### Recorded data

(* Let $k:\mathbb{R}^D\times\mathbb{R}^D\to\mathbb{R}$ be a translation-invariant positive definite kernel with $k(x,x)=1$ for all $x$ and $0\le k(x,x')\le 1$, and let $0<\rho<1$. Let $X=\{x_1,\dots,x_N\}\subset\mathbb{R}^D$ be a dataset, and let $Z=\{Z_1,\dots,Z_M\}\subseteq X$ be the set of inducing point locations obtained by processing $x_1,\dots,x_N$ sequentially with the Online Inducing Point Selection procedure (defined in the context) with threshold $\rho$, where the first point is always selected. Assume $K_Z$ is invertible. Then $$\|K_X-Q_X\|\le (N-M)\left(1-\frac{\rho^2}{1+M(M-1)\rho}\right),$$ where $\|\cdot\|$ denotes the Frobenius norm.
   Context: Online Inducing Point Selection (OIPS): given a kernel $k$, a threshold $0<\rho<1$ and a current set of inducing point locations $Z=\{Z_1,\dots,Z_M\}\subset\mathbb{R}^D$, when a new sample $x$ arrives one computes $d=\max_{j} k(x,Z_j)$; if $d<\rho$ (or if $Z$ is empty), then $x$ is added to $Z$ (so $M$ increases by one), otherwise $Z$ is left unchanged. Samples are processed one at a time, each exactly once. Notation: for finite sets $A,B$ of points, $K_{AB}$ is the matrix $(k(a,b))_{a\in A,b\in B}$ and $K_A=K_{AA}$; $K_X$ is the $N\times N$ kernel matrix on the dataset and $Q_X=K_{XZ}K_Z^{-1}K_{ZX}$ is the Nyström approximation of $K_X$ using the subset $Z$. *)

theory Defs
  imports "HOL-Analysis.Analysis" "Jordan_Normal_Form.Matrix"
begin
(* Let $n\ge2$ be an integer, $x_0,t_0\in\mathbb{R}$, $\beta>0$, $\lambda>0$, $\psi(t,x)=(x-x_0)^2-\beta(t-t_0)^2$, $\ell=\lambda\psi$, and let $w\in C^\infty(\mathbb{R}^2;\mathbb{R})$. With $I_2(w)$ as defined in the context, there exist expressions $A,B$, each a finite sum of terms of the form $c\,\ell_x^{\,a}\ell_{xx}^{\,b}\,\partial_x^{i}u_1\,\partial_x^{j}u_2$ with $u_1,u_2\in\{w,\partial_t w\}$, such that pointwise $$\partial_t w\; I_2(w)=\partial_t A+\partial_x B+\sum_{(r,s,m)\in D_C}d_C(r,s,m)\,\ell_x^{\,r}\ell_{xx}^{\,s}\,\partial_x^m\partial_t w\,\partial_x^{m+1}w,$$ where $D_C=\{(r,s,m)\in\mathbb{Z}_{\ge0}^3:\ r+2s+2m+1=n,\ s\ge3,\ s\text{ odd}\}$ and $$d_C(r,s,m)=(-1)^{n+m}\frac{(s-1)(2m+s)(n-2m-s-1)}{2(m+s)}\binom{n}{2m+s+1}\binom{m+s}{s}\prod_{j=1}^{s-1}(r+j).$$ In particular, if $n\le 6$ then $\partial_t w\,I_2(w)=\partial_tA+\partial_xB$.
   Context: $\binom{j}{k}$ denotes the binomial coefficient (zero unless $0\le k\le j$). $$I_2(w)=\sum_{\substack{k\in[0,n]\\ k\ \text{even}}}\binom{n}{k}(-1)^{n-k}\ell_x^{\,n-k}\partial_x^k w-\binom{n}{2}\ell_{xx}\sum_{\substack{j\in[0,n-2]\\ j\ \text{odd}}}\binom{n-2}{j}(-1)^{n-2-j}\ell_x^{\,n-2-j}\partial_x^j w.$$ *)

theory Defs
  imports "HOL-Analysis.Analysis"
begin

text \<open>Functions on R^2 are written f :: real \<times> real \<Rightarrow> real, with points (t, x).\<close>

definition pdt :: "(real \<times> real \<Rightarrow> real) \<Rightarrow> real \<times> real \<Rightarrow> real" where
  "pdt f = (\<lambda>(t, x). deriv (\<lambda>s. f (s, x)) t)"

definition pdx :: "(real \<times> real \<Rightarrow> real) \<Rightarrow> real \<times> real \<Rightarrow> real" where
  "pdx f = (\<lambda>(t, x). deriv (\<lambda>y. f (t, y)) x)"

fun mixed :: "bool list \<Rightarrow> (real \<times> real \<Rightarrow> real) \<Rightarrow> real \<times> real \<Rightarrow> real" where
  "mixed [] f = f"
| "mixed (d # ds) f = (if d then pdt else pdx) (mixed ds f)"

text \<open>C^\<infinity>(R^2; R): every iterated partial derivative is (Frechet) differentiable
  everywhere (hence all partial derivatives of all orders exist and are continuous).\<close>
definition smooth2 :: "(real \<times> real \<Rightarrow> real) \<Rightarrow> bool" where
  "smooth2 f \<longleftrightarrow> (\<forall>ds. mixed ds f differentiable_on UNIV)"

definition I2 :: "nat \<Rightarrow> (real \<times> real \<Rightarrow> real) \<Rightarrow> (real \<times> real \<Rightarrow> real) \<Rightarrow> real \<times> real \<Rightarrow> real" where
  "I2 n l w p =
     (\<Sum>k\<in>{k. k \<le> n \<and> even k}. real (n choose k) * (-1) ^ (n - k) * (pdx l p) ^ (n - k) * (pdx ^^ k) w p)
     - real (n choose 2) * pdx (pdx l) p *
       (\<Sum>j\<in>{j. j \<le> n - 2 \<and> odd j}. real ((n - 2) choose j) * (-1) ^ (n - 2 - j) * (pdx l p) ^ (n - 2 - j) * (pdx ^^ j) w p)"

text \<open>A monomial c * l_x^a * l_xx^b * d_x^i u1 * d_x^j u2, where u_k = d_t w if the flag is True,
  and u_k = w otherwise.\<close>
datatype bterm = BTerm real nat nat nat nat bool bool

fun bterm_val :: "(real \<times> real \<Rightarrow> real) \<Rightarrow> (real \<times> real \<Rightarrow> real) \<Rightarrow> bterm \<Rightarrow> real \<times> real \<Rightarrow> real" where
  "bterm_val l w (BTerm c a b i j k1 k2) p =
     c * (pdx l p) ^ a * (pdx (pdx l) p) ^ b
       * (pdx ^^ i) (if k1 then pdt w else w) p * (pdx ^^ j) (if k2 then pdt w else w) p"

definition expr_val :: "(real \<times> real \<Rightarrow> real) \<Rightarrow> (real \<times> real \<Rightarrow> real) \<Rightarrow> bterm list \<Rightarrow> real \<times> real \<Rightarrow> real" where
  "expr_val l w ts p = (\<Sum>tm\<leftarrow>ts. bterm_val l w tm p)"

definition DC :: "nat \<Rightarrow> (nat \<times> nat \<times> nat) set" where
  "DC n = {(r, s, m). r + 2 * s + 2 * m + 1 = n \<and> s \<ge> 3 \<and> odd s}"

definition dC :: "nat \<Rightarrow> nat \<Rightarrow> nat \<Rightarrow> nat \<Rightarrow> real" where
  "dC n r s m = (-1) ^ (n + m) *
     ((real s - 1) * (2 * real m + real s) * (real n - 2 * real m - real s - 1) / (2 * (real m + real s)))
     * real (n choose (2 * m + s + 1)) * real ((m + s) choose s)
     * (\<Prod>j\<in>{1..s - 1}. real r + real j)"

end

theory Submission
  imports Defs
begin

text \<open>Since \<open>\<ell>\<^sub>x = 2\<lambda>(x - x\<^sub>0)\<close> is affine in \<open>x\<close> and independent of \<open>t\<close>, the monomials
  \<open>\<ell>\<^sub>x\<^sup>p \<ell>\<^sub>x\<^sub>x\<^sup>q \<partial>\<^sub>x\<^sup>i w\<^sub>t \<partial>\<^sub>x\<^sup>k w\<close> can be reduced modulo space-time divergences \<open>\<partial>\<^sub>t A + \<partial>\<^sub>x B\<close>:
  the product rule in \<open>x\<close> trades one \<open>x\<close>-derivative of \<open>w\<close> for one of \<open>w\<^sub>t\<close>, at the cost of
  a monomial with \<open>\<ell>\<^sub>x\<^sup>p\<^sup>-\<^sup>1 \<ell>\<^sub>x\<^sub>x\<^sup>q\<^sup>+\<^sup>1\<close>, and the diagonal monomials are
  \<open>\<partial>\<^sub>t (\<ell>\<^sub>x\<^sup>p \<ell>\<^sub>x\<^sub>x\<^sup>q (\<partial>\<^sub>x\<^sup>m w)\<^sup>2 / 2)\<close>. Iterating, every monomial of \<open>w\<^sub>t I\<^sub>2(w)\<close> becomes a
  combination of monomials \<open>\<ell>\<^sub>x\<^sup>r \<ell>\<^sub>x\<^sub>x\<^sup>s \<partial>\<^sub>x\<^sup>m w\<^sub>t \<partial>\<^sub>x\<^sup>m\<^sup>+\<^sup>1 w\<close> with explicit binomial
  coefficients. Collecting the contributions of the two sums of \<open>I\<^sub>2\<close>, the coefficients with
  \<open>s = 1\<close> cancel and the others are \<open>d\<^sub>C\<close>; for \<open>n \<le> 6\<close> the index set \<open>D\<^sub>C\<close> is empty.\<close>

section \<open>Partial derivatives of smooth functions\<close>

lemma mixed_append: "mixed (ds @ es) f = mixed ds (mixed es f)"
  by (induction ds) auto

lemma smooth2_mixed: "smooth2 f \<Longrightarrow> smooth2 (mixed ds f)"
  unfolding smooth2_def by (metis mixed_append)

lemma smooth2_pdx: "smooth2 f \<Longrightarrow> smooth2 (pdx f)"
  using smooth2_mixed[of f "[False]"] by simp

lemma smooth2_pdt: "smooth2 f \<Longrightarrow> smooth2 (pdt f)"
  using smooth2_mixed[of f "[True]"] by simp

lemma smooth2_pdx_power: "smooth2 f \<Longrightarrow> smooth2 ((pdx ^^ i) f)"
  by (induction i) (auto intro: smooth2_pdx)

### Action item
Collect each line above holding the string "Analysis".

### Written response
  imports "HOL-Analysis.Analysis" "Jordan_Normal_Form.Matrix"
  imports "HOL-Analysis.Analysis"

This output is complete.